Problem to work on - Print exactly the lines below between the line holding "then show ?thesis using m" and the line holding "braid_class (x #", inclusive, and nothing more.

Extracted data entries

···

text \<open>Identify v_i with i. Then \<rho>0 = (1 2)(3 4)\<dots>(n-4 n-3), \<rho>1 = (2 3)(4 5)\<dots>(n-3 n-2),
  \<rho>2 = (3 4)(n-2 n-1) and \<rho>3 = (n-1 n). Conjugating (n-1 n) successively by \<rho>2, \<rho>1, \<rho>0
  yields every transposition (i n), so the \<rho>i generate Sym(n).

  By induction on the index set, the intersection property reduces to
  \<open>\<langle>M \<union> {a}\<rangle> \<inter> \<langle>M \<union> {b}\<rangle> = \<langle>M\<rangle>\<close> for indices a \<noteq> b outside M, i.e. to 24 concrete checks.
  They follow from simple invariants: \<langle>\<rho>1,\<rho>2,\<rho>3\<rangle> fixes 1, \<langle>\<rho>0,\<rho>1,\<rho>2\<rangle> fixes n and
  consists of even permutations, commuting pairs generate Klein four-groups, \<langle>\<rho>0,\<rho>1\<rangle> is the
  dihedral group of an (n-2)-cycle, and adding a generator commuting with the others at most
  doubles a subgroup. The one substantial case is
  \<open>\<langle>\<rho>0,\<rho>1,\<rho>2\<rangle> \<inter> \<langle>\<rho>1,\<rho>2,\<rho>3\<rangle> = \<langle>\<rho>1,\<rho>2\<rangle>\<close>: elements of \<langle>\<rho>1,\<rho>2,\<rho>3\<rangle> preserve the tail
  {n-3..n} and the blocks {2,5}, {3,4}; multiplying an element of the intersection by suitable
  elements of \<langle>\<rho>1,\<rho>2\<rangle> normalises it on the tail and at 2, which leaves only id or (3 4),
  and parity excludes (3 4).\<close>

lemma (in group) generate_involutions_subset:
  assumes "S \<subseteq> carrier G" and "\<And>s. s \<in> S \<Longrightarrow> s \<otimes> s = \<one>"
    and "\<one> \<in> Q" and "S \<subseteq> Q" and "\<And>x y. x \<in> Q \<Longrightarrow> y \<in> Q \<Longrightarrow> x \<otimes> y \<in> Q"
  shows "generate G S \<subseteq> Q"
proof
  fix x assume "x \<in> generate G S"
  then show "x \<in> Q"
  proof (induction rule: generate.induct)
    case (inv s)
    then have "inv s = s" using assms(1,2) by (intro inv_equality) auto
    then show ?case using inv assms(4) by auto
  qed (use assms in auto)
qed

lemma (in group) generate_commuting_involutions:
  assumes "a \<in> carrier G" "b \<in> carrier G" "a \<otimes> a = \<one>" "b \<otimes> b = \<one>" "a \<otimes> b = b \<otimes> a"
  shows "generate G {a, b} \<subseteq> {\<one>, a, b, a \<otimes> b}"
proof (rule generate_involutions_subset)
  have a_ab: "a \<otimes> (a \<otimes> b) = b" and ab_b: "(a \<otimes> b) \<otimes> b = a"
    using assms(1-4) by (simp_all flip: m_assoc) (simp add: m_assoc)
  have b_ab: "b \<otimes> (a \<otimes> b) = a" and ab_a: "(a \<otimes> b) \<otimes> a = b"
    using assms(1-4) by (simp_all add: assms(5) m_assoc flip: m_assoc[of b])
  have ab_ab: "(a \<otimes> b) \<otimes> (a \<otimes> b) = \<one>"
    using assms(1-3) b_ab by (simp add: m_assoc)
  show "x \<otimes> y \<in> {\<one>, a, b, a \<otimes> b}" if "x \<in> {\<one>, a, b, a \<otimes> b}" "y \<in> {\<one>, a, b, a \<otimes> b}" for x y
    using that assms a_ab ab_b b_ab ab_a ab_ab by auto
qed (use assms in auto)

lemma (in group) generate_insert_central_involution:
  assumes S: "S \<subseteq> carrier G" "\<And>x. x \<in> S \<Longrightarrow> x \<otimes> x = \<one>"
    and s: "s \<in> carrier G" "s \<otimes> s = \<one>" and central: "\<And>x. x \<in> S \<Longrightarrow> x \<otimes> s = s \<otimes> x"
  shows "generate G (insert s S) \<subseteq> generate G S \<union> (\<lambda>x. x \<otimes> s) ` generate G S"
proof -
  let ?H = "generate G S"
  have H_carrier: "?H \<subseteq> carrier G" by (rule generate_incl[OF S(1)])
  have "?H \<subseteq> {x \<in> carrier G. x \<otimes> s = s \<otimes> x}"
  proof (rule generate_involutions_subset[OF S])
    show "x \<otimes> y \<in> {x \<in> carrier G. x \<otimes> s = s \<otimes> x}"
      if "x \<in> {x \<in> carrier G. x \<otimes> s = s \<otimes> x}" "y \<in> {x \<in> carrier G. x \<otimes> s = s \<otimes> x}" for x y
      using that s by (auto simp: m_assoc) (metis m_assoc)
  qed (use S s central in auto)
  then have comm: "x \<otimes> s = s \<otimes> x" if "x \<in> ?H" for x using that by blast
  show ?thesis
  proof (rule generate_involutions_subset)
    show "x \<otimes> y \<in> ?H \<union> (\<lambda>x. x \<otimes> s) ` ?H" if "x \<in> ?H \<union> (\<lambda>x. x \<otimes> s) ` ?H" "y \<in> ?H \<union> (\<lambda>x. x \<otimes> s) ` ?H" for x y
    proof -
      have prod: "x' \<otimes> y' \<in> ?H" if "x' \<in> ?H" "y' \<in> ?H" for x' y' using that by (rule generate.eng)
      have [simp]: "x' \<in> ?H \<Longrightarrow> x' \<in> carrier G" for x' using H_carrier by blast
      from that show ?thesis
      proof (elim UnE imageE)
        fix x' y' assume "x' \<in> ?H" "y' \<in> ?H" "x = x' \<otimes> s" "y = y' \<otimes> s"
        then have "x \<otimes> y = x' \<otimes> y'" using s comm[of y'] by (simp add: m_assoc) (simp flip: m_assoc)
        then show ?thesis using prod \<open>x' \<in> ?H\<close> \<open>y' \<in> ?H\<close> by simp
      next
        fix x' assume "x' \<in> ?H" "y \<in> ?H" "x = x' \<otimes> s"
        then have "x \<otimes> y = (x' \<otimes> y) \<otimes> s" using s comm[of y] by (simp add: m_assoc)
        then show ?thesis using prod \<open>x' \<in> ?H\<close> \<open>y \<in> ?H\<close> by blast
      next
        fix y' assume "x \<in> ?H" "y' \<in> ?H" "y = y' \<otimes> s"
        then have "x \<otimes> y = (x \<otimes> y') \<otimes> s" using s by (simp add: m_assoc)
        then show ?thesis using prod \<open>x \<in> ?H\<close> \<open>y' \<in> ?H\<close> by blast
      qed (use prod in blast)
    qed
    have "s = \<one> \<otimes> s" using s by simp
    then show "insert s S \<subseteq> ?H \<union> (\<lambda>x. x \<otimes> s) ` ?H"
      using generate.one[of G S] generate.incl[of _ S G] by blast
  qed (use S s generate.one in auto)
qed
text \<open>Above the absorption bound, prepending a letter of \<open>C\<close> maps the classes with count
  vector \<open>n\<close> onto those with count vector \<open>n + e\<^sub>C\<close>; so the number of classes can only
  decrease, and once it is constant prepending is injective.\<close>

lemma prepend_braid_classes:
  assumes n: "\<forall>C\<in>comps. absorption_bound \<le> n C" and C: "C \<in> comps" "x \<in> C"
  shows "prepend x ` braid_classes n = braid_classes (n(C := Suc (n C)))"
proof -
  have "x \<in> X" using component_subset C by blast
  have x_in_iff: "x \<in> C' \<longleftrightarrow> C' = C" if "C' \<in> comps" for C'
    using component_unique C that by blast
  have grow: "x # w \<in> tuples (n(C := Suc (n C)))" if "w \<in> tuples n" for w
    using that \<open>x \<in> X\<close> x_in_iff unfolding tuples_def by (auto intro: generates_mono)
  have shrink: "\<exists>m\<in>tuples n. w \<sim> x # m" if "w \<in> tuples (n(C := Suc (n C)))" for w
  proof -
    have "set w \<subseteq> X" "generates X op w" "absorption_bound \<le> count_in C w"
      using that n C unfolding tuples_def by auto
    then obtain m where m: "set m \<subseteq> X" "generates X op m" "w \<sim> x # m"
      using braided_Cons_absorb C by blast
    have "count_in C' m = n C'" if "C' \<in> comps" for C'
      using braided_count_in[OF m(3) that] \<open>w \<in> tuples _\<close> that x_in_iff
      unfolding tuples_def by (auto split: if_splits)
    then show ?thesis using m unfolding tuples_def by auto
  qed
  show ?thesis
  proof (intro equalityI subsetI)
    fix S assume "S \<in> prepend x ` braid_classes n"
    then obtain w where "w \<in> tuples n" "S = braid_class (x # w)"
      unfolding braid_classes_def by (auto simp: prepend_braid_class)
    then show "S \<in> braid_classes (n(C := Suc (n C)))"
      using grow unfolding braid_classes_def by blast
  next
    fix S assume "S \<in> braid_classes (n(C := Suc (n C)))"
    then obtain w where w: "w \<in> tuples (n(C := Suc (n C)))" "S = braid_class w"
      unfolding braid_classes_def by blast
    then obtain m where "m \<in> tuples n" "w \<sim> x # m" using shrink by blast
    then have "S = prepend x (braid_class m)"
      using w(2) by (simp add: prepend_braid_class braid_class_eq_iff)
    moreover have "braid_class m \<in> braid_classes n"
      unfolding braid_classes_def using \<open>m \<in> tuples n\<close> by (rule imageI)
    ultimately show "S \<in> prepend x ` braid_classes n" by (simp add: rev_image_eqI)
  qed
qed

lemma card_braid_classes_antimono:
  assumes "\<forall>C\<in>comps. absorption_bound \<le> n C" "\<forall>C\<in>comps. n C \<le> n' C"
  shows "card (braid_classes n') \<le> card (braid_classes n)"
  using assms(2)
proof (induction "\<Sum>C\<in>comps. n' C - n C" arbitrary: n' rule: less_induct)
  case less
  show ?case
  proof (cases "\<forall>C\<in>comps. n' C = n C")
    case True
    then have "braid_classes n' = braid_classes n" by (rule braid_classes_cong)
    then show ?thesis by simp
  next
    case False
    then obtain C where "C \<in> comps" "n' C \<noteq> n C" by blast
    with less.prems have C: "C \<in> comps" "n C < n' C" by force+
    define n'' where "n'' = n'(C := n' C - 1)"
    have le: "\<forall>C\<in>comps. n C \<le> n'' C" using less.prems C unfolding n''_def by auto
    have "(\<Sum>C\<in>comps. n'' C - n C) < (\<Sum>C\<in>comps. n' C - n C)"
      using C less.prems finite_components unfolding n''_def
      by (intro sum_strict_mono_ex1) auto
    then have "card (braid_classes n'') \<le> card (braid_classes n)"
      using less.hyps le by blast
    moreover have "card (braid_classes (n''(C := Suc (n'' C)))) \<le> card (braid_classes n'')"
    proof -
      obtain x where "x \<in> C" using component_nonempty C(1) by blast
      moreover have "\<forall>C\<in>comps. absorption_bound \<le> n'' C"
        using le assms(1) order_trans by blast
      ultimately have "braid_classes (n''(C := Suc (n'' C))) = prepend x ` braid_classes n''"
        using prepend_braid_classes C(1) by blast
      then show ?thesis by (simp add: card_image_le finite_braid_classes)
    qed
    moreover have "braid_classes n' = braid_classes (n''(C := Suc (n'' C)))"
      using C unfolding n''_def by (intro braid_classes_cong) auto
    ultimately show ?thesis by simp
  qed
qed
lemma Z_pos:
  assumes "\<eta> \<in> \<Theta>" shows "Z \<eta> > 0"
proof -
  have nonneg: "AE x in \<mu>. 0 \<le> h x * exp (\<eta> * T x)" using h_nonneg by (auto intro!: AE_I2)
  have "Z \<eta> \<noteq> 0"
  proof
    assume "Z \<eta> = 0"
    then have "AE x in \<mu>. h x * exp (\<eta> * T x) = 0"
      using integral_nonneg_eq_0_iff_AE[OF integrable_param_space[OF assms] nonneg] by (simp add: Z_def)
    then have "AE x in \<mu>. 0 < h x \<longrightarrow> T x = 0" by eventually_elim simp
    with not_AE_T_eq show False by blast
  qed
  moreover have "Z \<eta> \<ge> 0" unfolding Z_def using nonneg by (rule integral_nonneg_AE)
  ultimately show ?thesis by simp
qed

lemma A_eq_ln_Z: "ef_A \<mu> h T = (\<lambda>\<eta>. ln (Z \<eta>))"
  by (simp add: fun_eq_iff ef_A_def Z_def)

lemma ef_density_eq:
  assumes "\<eta> \<in> \<Theta>" shows "ef_density \<mu> h T \<eta> x = h x * exp (\<eta> * T x) / Z \<eta>"
  using Z_pos[OF assms] by (simp add: ef_density_def A_eq_ln_Z exp_diff)

lemma ef_density_measurable[measurable]: "ef_density \<mu> h T \<eta> \<in> borel_measurable \<mu>"
  unfolding ef_density_def by measurable

lemma moment_integrable:
  assumes "\<eta> \<in> interior \<Theta>" shows "integrable \<mu> (\<lambda>x. T x * (h x * exp (\<eta> * T x)))"
proof -
  obtain d where d: "d > 0" and nbhd: "\<And>s. \<bar>s\<bar> \<le> d \<Longrightarrow> \<eta> + s \<in> \<Theta>"
    using interior_param_spaceE[OF assms] by blast
  have "\<eta> + d \<in> \<Theta>" "\<eta> - d \<in> \<Theta>" using nbhd[of d] nbhd[of "- d"] d by simp_all
  then have "integrable \<mu> (\<lambda>x. (h x * exp ((\<eta> + d) * T x) + h x * exp ((\<eta> - d) * T x)) / d)"
    using integrable_param_space by auto
  then show ?thesis
  proof (rule Bochner_Integration.integrable_bound)
    show "AE x in \<mu>. norm (T x * (h x * exp (\<eta> * T x)))
        \<le> norm ((h x * exp ((\<eta> + d) * T x) + h x * exp ((\<eta> - d) * T x)) / d)"
    proof (rule AE_I2)
      fix x assume x: "x \<in> space \<mu>"
      have "norm (T x * (h x * exp (\<eta> * T x))) = h x * (\<bar>T x\<bar> * exp (\<eta> * T x))"
        using h_nonneg[OF x] by (simp add: abs_mult)
      also have "\<dots> \<le> h x * ((exp ((\<eta> + d) * T x) + exp ((\<eta> - d) * T x)) / d)"
        using abs_mult_exp_le[OF d] h_nonneg[OF x] by (rule mult_left_mono)
      also have "\<dots> = (h x * exp ((\<eta> + d) * T x) + h x * exp ((\<eta> - d) * T x)) / d"
        by (simp add: distrib_left)
      also have "\<dots> \<le> norm ((h x * exp ((\<eta> + d) * T x) + h x * exp ((\<eta> - d) * T x)) / d)"
        by (simp only: real_norm_def abs_ge_self)
      finally show "norm (T x * (h x * exp (\<eta> * T x)))
        \<le> norm ((h x * exp ((\<eta> + d) * T x) + h x * exp ((\<eta> - d) * T x)) / d)" .
    qed
  qed measurable
qed
(* Let $\Pi=(\iota,\tau,\beta)$ be a safety problem. If $\Pi$ has a proof in the incremental forward-backward proof system $\mathbf{FBI}$, then $\Pi$ is safe.
   Context: A first-order vocabulary $\Sigma$ consists of constant, function and relation symbols; $\Sigma'=\{a' : a\in\Sigma\}$ is a disjoint copy, and for a formula $\varphi$ over $\Sigma$, $\varphi'$ denotes $\varphi$ with every symbol replaced by its primed copy. A state is a first-order structure over $\Sigma$. A safety problem is a triple $(\iota,\tau,\beta)$, where $\iota$ (initial states) and $\beta$ (bad states) are closed formulas over $\Sigma$ and $\tau$ (transitions) is a closed formula over $\Sigma\uplus\Sigma'$. A pair of states $(s,t)$ over a common domain is a transition if the structure over $\Sigma\uplus\Sigma'$ interpreting $\Sigma$ as in $s$ and $\Sigma'$ as in $t$ satisfies $\tau$. A trace is a finite sequence of states over a common domain whose consecutive states form transitions. The problem is safe if there is no trace $s_0,\dots,s_k$ with $s_0\models\iota$ and $s_k\models\beta$. $A\Rightarrow B$ means the implication $A\to B$ is valid. $\tau^{-1}$ denotes $\tau$ with each symbol of $\Sigma$ and its primed counterpart swapped. Proofs: a proof of $\Pi$ in a system is a finite tree whose nodes are safety problems, whose root is $\Pi$, and in which each node together with its children is an instance of one of the system's rules, with side conditions valid. $\mathbf{FBI}$ has the rules ($\varphi$ ranges over closed formulas over $\Sigma$): (Ind): no premises; conclusion $(\iota,\tau,\neg\varphi)$; side conditions $\iota\Rightarrow\varphi$ and $\varphi\wedge\tau\Rightarrow\varphi'$. (Cons): premise $(\iota,\tau,\neg\varphi)$; conclusion $(\iota,\tau,\beta)$; side condition $\varphi\Rightarrow\neg\beta$. (Inc): premises $(\iota,\tau,\neg\varphi)$ and $(\iota\wedge\varphi,\ \tau\wedge\varphi\wedge\varphi',\ \beta\wedge\varphi)$; conclusion $(\iota,\tau,\beta)$. (Rev): premise $(\beta,\tau^{-1},\iota)$; conclusion $(\iota,\tau,\beta)$. *)

theory Defs
  imports Main
begin

text \<open>A vocabulary Sigma is
  given by the pair of symbol types ('f,'r); the vocabulary Sigma + Sigma' is
  ('f \<times> bool, 'r \<times> bool), where (s,False) is the symbol s and (s,True) its primed copy.\<close>

datatype 'f trm = Var nat | Fn 'f "'f trm list"

datatype ('f, 'r) fm =
    Bot
  | Eq "'f trm" "'f trm"
  | Rel 'r "'f trm list"
  | Neg "('f, 'r) fm"
  | And "('f, 'r) fm" "('f, 'r) fm"
  | Or "('f, 'r) fm" "('f, 'r) fm"
  | Imp "('f, 'r) fm" "('f, 'r) fm"
  | All nat "('f, 'r) fm"
  | Ex nat "('f, 'r) fm"
lemma eta_dag_power_vacuum_doublons:
  "(eta_dag V q ^^ n) vacuum T \<noteq> 0 \<Longrightarrow> \<exists>W. T = doublons W"
proof (induction n arbitrary: T)
  case 0
  then show ?case
    by (auto simp: vacuum_def split: if_splits)
next
  case (Suc n)
  have "(\<Sum>r\<in>V. q r * pair_create {r} ((eta_dag V q ^^ n) vacuum) T) \<noteq> 0"
    using Suc.prems unfolding funpow.simps(2) o_apply eta_dag_apply[of V q "(eta_dag V q ^^ n) vacuum"] .
  then obtain r where "q r * pair_create {r} ((eta_dag V q ^^ n) vacuum) T \<noteq> 0"
    by (rule sum.not_neutral_contains_not_neutral)
  then have r: "doublons {r} \<subseteq> T" "(eta_dag V q ^^ n) vacuum (T - doublons {r}) \<noteq> 0"
    by (auto simp: pair_create_def split: if_splits)
  obtain W where "T - doublons {r} = doublons W"
    using Suc.IH[OF r(2)] ..
  moreover have "T = doublons {r} \<union> (T - doublons {r})"
    using r(1) by (simp add: Un_absorb1)
  ultimately have "T = doublons (insert r W)"
    by (metis Sigma_Un_distrib1 insert_is_Un)
  then show ?case ..
qed

lemma H_gen_vacuum: "H_gen V E t \<mu> U vacuum = 0"
proof -
  have "cann m vacuum = 0" "cdag m 0 = 0" "cann m 0 = 0" "scale a (0 :: 'a state) = 0"
    for m :: "'a \<times> spin" and a
    by (simp_all add: cann_def cdag_def scale_def vacuum_def fun_eq_iff)
  then show ?thesis
    by (simp add: H_gen_def num_def)
qed
text \<open>
  The new row of the block matrix is g_21(i) a + g_22(i) b with a = [v_1(i) 0] and
  b = [0 v_2(i)]. If the rank does not grow, this row lies in the span of the old rows; if moreover
  a or b lies outside that span, taking Gram--Schmidt residuals r_a, r_b against the old rows gives
  g_21(i) r_a + g_22(i) r_b = 0. Hence g_22(i) = 0 or g_21(i) = - g_22(i) r_b(c) / r_a(c) for some
  coordinate c. The residuals are explicit, hence measurable, functions of the gains before time i
  and of the causally chosen rows, so the right-hand sides are independent of g_21(i); as the
  gains have no atoms, each of these finitely many events is null.
\<close>

text \<open>Vectors of C^m are represented by functions nat \<Rightarrow> complex of which only the first m values
  matter; this keeps Gram--Schmidt, and its measurability in the data, elementary.\<close>

definition cinner :: "nat \<Rightarrow> (nat \<Rightarrow> complex) \<Rightarrow> (nat \<Rightarrow> complex) \<Rightarrow> complex" where
  "cinner m u w = (\<Sum>c<m. u c * cnj (w c))"

lemma cinner_commute: "cinner m w u = cnj (cinner m u w)"
  by (simp add: cinner_def mult.commute)

lemma cinner_cong:
  "(\<And>c. c < m \<Longrightarrow> u c = u' c) \<Longrightarrow> (\<And>c. c < m \<Longrightarrow> w c = w' c) \<Longrightarrow> cinner m u w = cinner m u' w'"
  unfolding cinner_def by (intro sum.cong) auto

lemma cinner_diff_left: "cinner m (\<lambda>c. u c - v c) w = cinner m u w - cinner m v w"
  by (simp add: cinner_def left_diff_distrib sum_subtractf)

···

Response box -
    then show ?thesis using m unfolding tuples_def by auto
  qed
  show ?thesis
  proof (intro equalityI subsetI)
    fix S assume "S \<in> prepend x ` braid_classes n"
    then obtain w where "w \<in> tuples n" "S = braid_class (x # w)"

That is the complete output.